Historically, the big pharmaceutical companies (Big Pharma) have sought to feed their marketing machines by manufacturing blockbuster drugs—chemical-based, one-type-fits-all products that treat chronic conditions such as heart disease or arthritis. This approach has yielded recurring revenue streams from large patient populations. In contrast, biotechnology companies typically have created protein-based drugs,or biologics, to treat acute or niche conditions and diseases. With few exceptions (such as the biotech giant Amgen), biotech companies have foregone doing the marketing and sales of their drugs themselves, and have, instead, relied on others to perform their marketing and sales functions.

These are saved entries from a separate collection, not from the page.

(* Let $X$ be a real Banach space, $I=\{1,\ldots,m\}$, $J=\{1,\ldots,l\}$, let $f_i\colon X\to\mathbb{R}$ ($i\in I$) and $g_j\colon X\to\mathbb{R}$ ($j\in J$) be given, and let $$M=\{x\in X \mid f_i(x)=0\ \forall i\in I,\ g_j(x)\le 0\ \forall j\in J\}.$$ Let $\overline{x}\in M$ and $J(\overline{x})=\{j\in J\mid g_j(\overline{x})=0\}$. Suppose that the functions $f_i$, $i\in I$, are continuous in a neighbourhood of $\overline{x}$; the functions $g_j$, $j\notin J(\overline{x})$, are upper semicontinuous at $\overline{x}$; and the functions $f_i$, $i\in I$, and $g_j$, $j\in J(\overline{x})$, are quasidifferentiable at $\overline{x}$ uniformly along finite dimensional spaces, with given quasidifferentials $[\underline{\partial} f_i(\overline{x}),\overline{\partial} f_i(\overline{x})]$ and $[\underline{\partial} g_j(\overline{x}),\overline{\partial} g_j(\overline{x})]$. Let $x_i^*\in\underline{\partial} f_i(\overline{x})$, $y_i^*\in\overline{\partial} f_i(\overline{x})$, $i\in I$, and $z_j^*\in\overline{\partial} g_j(\overline{x})$, $j\in J(\overline{x})$, be given, and suppose the following constraint qualification holds: (1) for any $i\in I$ there exists $v_i\in X$ such that $s(\underline{\partial} f_i(\overline{x})+y_i^*,v_i)<0$ and for any $k\ne i$ one has $s(\underline{\partial} f_k(\overline{x})+y_k^*,v_i)\le 0$ and $s(-x_k^*-\overline{\partial} f_k(\overline{x}),v_i)\le 0$; (2) for any $i\in I$ there exists $w_i\in X$ such that $s(-x_i^*-\overline{\partial} f_i(\overline{x}),w_i)<0$ and for any $k\ne i$ one has $s(-x_k^*-\overline{\partial} f_k(\overline{x}),w_i)\le 0$ and $s(\underline{\partial} f_k(\overline{x})+y_k^*,w_i)\le 0$; (3) there exists $v_0\in X$ such that $s(\underline{\partial} g_j(\overline{x})+z_j^*,v_0)<0$ for any $j\in J(\overline{x})$, while for any $i\in I$ one has $s(\underline{\partial} f_i(\overline{x})+y_i^*,v_0)\le 0$ and $s(-x_i^*-\overline{\partial} f_i(\overline{x}),v_0)\le 0$. Then $$\Big\{v\in X \Bigm| s(\underline{\partial} f_i(\overline{x})+y_i^*,v)\le 0,\ s(-x_i^*-\overline{\partial} f_i(\overline{x}),v)\le 0\ \forall i\in I,\ s(\underline{\partial} g_j(\overline{x})+z_j^*,v)\le 0\ \forall j\in J(\overline{x})\Big\}\subseteq T_M(\overline{x}).$$
   Context: $X$ is a real Banach space with topological dual $X^*$ and duality pairing $\langle\cdot,\cdot\rangle$. A function $f\colon X\to\mathbb{R}$ is directionally differentiable (d.d.) at $x$ if for every $v\in X$ the finite limit $f'(x,v)=\lim_{\alpha\to+0}(f(x+\alpha v)-f(x))/\alpha$ exists. It is d.d. at $x$ uniformly along finite dimensional spaces if it is d.d. at $x$ and for any $v\in X$, any finite dimensional subspace $X_0\subset X$ and any $\varepsilon>0$ there is $\delta>0$ such that $|(f(x+\alpha v')-f(x))/\alpha-f'(x,v)|<\varepsilon$ for all $\alpha\in(0,\delta)$ and $v'\in v+X_0$ with $\|v'-v\|<\delta$. $f$ is quasidifferentiable at $x$ if it is d.d. at $x$ and there is a pair $[\underline{\partial} f(x),\overline{\partial} f(x)]$ (a quasidifferential; subdifferential and superdifferential) of convex weak$^*$ compact subsets of $X^*$ with $f'(x,v)=\max_{x^*\in\underline{\partial} f(x)}\langle x^*,v\rangle+\min_{y^*\in\overline{\partial} f(x)}\langle y^*,v\rangle$ for all $v\in X$; it is quasidifferentiable uniformly along finite dimensional spaces if additionally d.d. uniformly along finite dimensional spaces. Quasidifferentials are not unique; a specific one is fixed for each function and all conditions refer to it. For $C\subset X^*$, $s(C,v)=\sup_{x^*\in C}\langle x^*,v\rangle$ is the support function. The contingent cone $T_M(x)$ to $M$ at $x\in M$ is the set of $v\in X$ for which there exist $\alpha_n\to+0$ and $v_n\to v$ with $x+\alpha_n v_n\in M$ for all $n$. Sums like $A+y^*$ are Minkowski sums. *)

theory Defs
  imports "HOL-Analysis.Analysis"
begin

text \<open>The type 'a \<Rightarrow> real carries the product topology (HOL-Analysis,
  Function_Topology), i.e. the topology of pointwise convergence; restricted to X*
  this is exactly the weak* topology, so weak* compactness of C \<subseteq> X* is
  compactness of C in this topology.\<close>

definition dual_space :: "('a::real_normed_vector \<Rightarrow> real) set" where
  "dual_space = {\<phi>. bounded_linear \<phi>}"

definition fun_convex :: "('a \<Rightarrow> real) set \<Rightarrow> bool" where
  "fun_convex C \<longleftrightarrow> (\<forall>p\<in>C. \<forall>q\<in>C. \<forall>t::real. 0 \<le> t \<and> t \<le> 1 \<longrightarrow>
      (\<lambda>v. t * p v + (1 - t) * q v) \<in> C)"

definition cwc_set :: "('a::real_normed_vector \<Rightarrow> real) set \<Rightarrow> bool" where
  "cwc_set C \<longleftrightarrow> C \<noteq> {} \<and> C \<subseteq> dual_space \<and> fun_convex C \<and> compact C"

definition supp :: "('a \<Rightarrow> real) set \<Rightarrow> 'a \<Rightarrow> real" where
  "supp C v = (SUP c\<in>C. c v)"

definition mink_plus :: "('a \<Rightarrow> real) set \<Rightarrow> ('a \<Rightarrow> real) set \<Rightarrow> ('a \<Rightarrow> real) set" where
  "mink_plus A B = {(\<lambda>v. a v + b v) | a b. a \<in> A \<and> b \<in> B}"

definition fun_uminus_set :: "('a \<Rightarrow> real) set \<Rightarrow> ('a \<Rightarrow> real) set" where
  "fun_uminus_set A = (\<lambda>a v. - a v) ` A"

definition dir_diff :: "('a::real_normed_vector \<Rightarrow> real) \<Rightarrow> 'a \<Rightarrow> bool" where
  "dir_diff f x \<longleftrightarrow> (\<forall>v. \<exists>L. ((\<lambda>\<alpha>. (f (x + \<alpha> *\<^sub>R v) - f x) / \<alpha>) \<longlongrightarrow> L) (at_right 0))"

definition dir_deriv :: "('a::real_normed_vector \<Rightarrow> real) \<Rightarrow> 'a \<Rightarrow> 'a \<Rightarrow> real" where
  "dir_deriv f x v = Lim (at_right 0) (\<lambda>\<alpha>. (f (x + \<alpha> *\<^sub>R v) - f x) / \<alpha>)"

definition finite_dim_subspace :: "'a::real_vector set \<Rightarrow> bool" where
  "finite_dim_subspace X0 \<longleftrightarrow> subspace X0 \<and> (\<exists>B. finite B \<and> X0 = span B)"

definition dir_diff_unif :: "('a::real_normed_vector \<Rightarrow> real) \<Rightarrow> 'a \<Rightarrow> bool" where
  "dir_diff_unif f x \<longleftrightarrow> dir_diff f x \<and>
     (\<forall>v X0 \<epsilon>. finite_dim_subspace X0 \<and> \<epsilon> > 0 \<longrightarrow>
        (\<exists>\<delta>>0. \<forall>\<alpha> v'. 0 < \<alpha> \<and> \<alpha> < \<delta> \<and> v' - v \<in> X0 \<and> norm (v' - v) < \<delta> \<longrightarrow>
            \<bar>(f (x + \<alpha> *\<^sub>R v') - f x) / \<alpha> - dir_deriv f x v\<bar> < \<epsilon>))"

text \<open>[Dl, Du] is a quasidifferential of f at x (max and min written as SUP/INF; they are attained since the sets are nonempty and compact).\<close>
definition quasidiff :: "('a::real_normed_vector \<Rightarrow> real) \<Rightarrow> 'a \<Rightarrow> ('a \<Rightarrow> real) set \<Rightarrow> ('a \<Rightarrow> real) set \<Rightarrow> bool" where
  "quasidiff f x Dl Du \<longleftrightarrow> dir_diff f x \<and> cwc_set Dl \<and> cwc_set Du \<and>
     (\<forall>v. dir_deriv f x v = (SUP p\<in>Dl. p v) + (INF q\<in>Du. q v))"

definition quasidiff_unif :: "('a::real_normed_vector \<Rightarrow> real) \<Rightarrow> 'a \<Rightarrow> ('a \<Rightarrow> real) set \<Rightarrow> ('a \<Rightarrow> real) set \<Rightarrow> bool" where
  "quasidiff_unif f x Dl Du \<longleftrightarrow> quasidiff f x Dl Du \<and> dir_diff_unif f x"

definition usc_at :: "('a::topological_space \<Rightarrow> real) \<Rightarrow> 'a \<Rightarrow> bool" where
  "usc_at f x \<longleftrightarrow> (\<forall>\<epsilon>>0. \<forall>\<^sub>F y in at x. f y < f x + \<epsilon>)"

definition contingent_cone :: "'a::real_normed_vector set \<Rightarrow> 'a \<Rightarrow> 'a set" where
  "contingent_cone M x = {v. \<exists>\<alpha> w. (\<forall>n. \<alpha> n > 0) \<and> \<alpha> \<longlonglongrightarrow> 0 \<and> w \<longlonglongrightarrow> v \<and>
      (\<forall>n. x + \<alpha> n *\<^sub>R w n \<in> M)}"

end

theory Submission
  imports Defs
begin

text \<open>Let v satisfy the linearised constraints and fix eta > 0.  The quasidifferentials provide
  sublinear majorants p i, q i, h j of the directional derivatives of f i, of - f i and of the
  active g j.  Perturb v to v + eta v0 and then, for a small eps > 0, to the family of directions
  Phi t = v + eta v0 + eps * (SUM i. t i V i + (1 - t i) W i) with t ranging over the unit cube.
  By the constraint qualification, p i is negative at Phi t on the face t i = 1, q i is negative on
  the face t i = 0, and every h j is negative on the whole cube.  Uniform directional
  differentiability and compactness of the cube turn this into sign conditions for
  t |-> f i (x + alpha Phi t) on opposite faces, for one small alpha > 0, and the Poincare-Miranda
  theorem, proved from Kuhn's combinatorial lemma, yields a common zero t.  The point
  x + alpha Phi t lies in M, the inactive constraints staying negative by upper semicontinuity,
  and norm (Phi t - v) = O(eta); letting eta tend to 0 shows that v is a contingent direction.\<close>

section \<open>Sublinear majorants of directional derivatives\<close>

definition sublinear :: "('a::real_vector \<Rightarrow> real) \<Rightarrow> bool" where
  "sublinear p \<longleftrightarrow> (\<forall>u w. p (u + w) \<le> p u + p w) \<and> (\<forall>c u. 0 \<le> c \<longrightarrow> p (c *\<^sub>R u) \<le> c * p u)"

lemma sublinear_add_le: "sublinear p \<Longrightarrow> p (u + w) \<le> p u + p w"
  by (simp add: sublinear_def)

lemma sublinear_scaleR_le: "sublinear p \<Longrightarrow> 0 \<le> c \<Longrightarrow> p (c *\<^sub>R u) \<le> c * p u"
  by (simp add: sublinear_def)

lemma sublinear_diff_le: "sublinear p \<Longrightarrow> p u \<le> p w + p (u - w)"
  using sublinear_add_le[of p w "u - w"] by simp

lemma sublinear_sum_le:
  assumes "sublinear p"
  shows "p (\<Sum>k\<in>F. u k) \<le> (\<Sum>k\<in>F. p (u k))"
proof (induction F rule: infinite_finite_induct)
  case (insert k F)
  then show ?case
    using sublinear_add_le[OF assms, of "u k" "sum u F"] by simp
qed (use sublinear_scaleR_le[OF assms, of 0 0] in simp_all)

lemma sublinear_scaleR_abs_le:
  assumes "sublinear p"
  shows "p (c *\<^sub>R u) \<le> \<bar>c\<bar> * (\<bar>p u\<bar> + \<bar>p (- u)\<bar>)"
proof (cases "0 \<le> c")
  case True
  then have "p (c *\<^sub>R u) \<le> c * p u"
    by (rule sublinear_scaleR_le[OF assms])
  also have "\<dots> = \<bar>c\<bar> * p u"
    using True by simp
  also have "\<dots> \<le> \<bar>c\<bar> * (\<bar>p u\<bar> + \<bar>p (- u)\<bar>)"
    by (intro mult_left_mono) auto
  finally show ?thesis .
next
  case False
  then have "p (c *\<^sub>R u) \<le> \<bar>c\<bar> * p (- u)"
    using sublinear_scaleR_le[OF assms, of "\<bar>c\<bar>" "- u"] by simp
  also have "\<dots> \<le> \<bar>c\<bar> * (\<bar>p u\<bar> + \<bar>p (- u)\<bar>)"
    by (intro mult_left_mono) auto
  finally show ?thesis .
qed

lemma sublinear_add_linear: "sublinear p \<Longrightarrow> linear y \<Longrightarrow> sublinear (\<lambda>u. p u + y u)"
  by (auto simp: sublinear_def linear_add linear_scale distrib_left intro: add_mono)

lemma supp_upper: "bdd_above ((\<lambda>a. a u) ` A) \<Longrightarrow> a \<in> A \<Longrightarrow> a u \<le> supp A u"
  unfolding supp_def by (rule cSUP_upper)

Sometimes Big Pharma's blockbuster drugs have been accompanied by blockbuster risks. A one-type-fits-all approach may be hazardous, in that a single drug taken by many users may inevitably result in harmful side effects in some patients. These side effects can adversely affect not only the physical health of the patients but the economic health of the manufacturer, as well. For example, although Merck's drug Vioxx brought great relief to many, some patients experienced heart attacks and strokes. As a result, Merck must now contend with 600 lawsuits and settlements that some speculate could reach $20 billion — a figure equal to nearly one year's revenue for the company.1 If that figure seems unimaginable, consider that as of December 31, 2004, Wyeth had paid and reserved a total of $21.1 billion to settle litigation over the FenPhen diet drug it introduced in the 1990s, a drug which also caused heart problems in some patients.2
In the future, Big Pharma may migrate from one-type-fits-all drugs to more personalized medications. As a result of the personalized nature of these therapeutics, side effects may be reduced and efficacy may be increased. Biotech companies, because they are accustomed to providing personalized niche therapeutics, will become increasingly important as alliance partners for the big pharmaceutical firms. A move from blockbuster drugs to more personalized medicines and niche therapeutics will require reexamination of the Big Pharma business model, as well as a reexamination of the business arrangements between Big Pharma and biotech companies.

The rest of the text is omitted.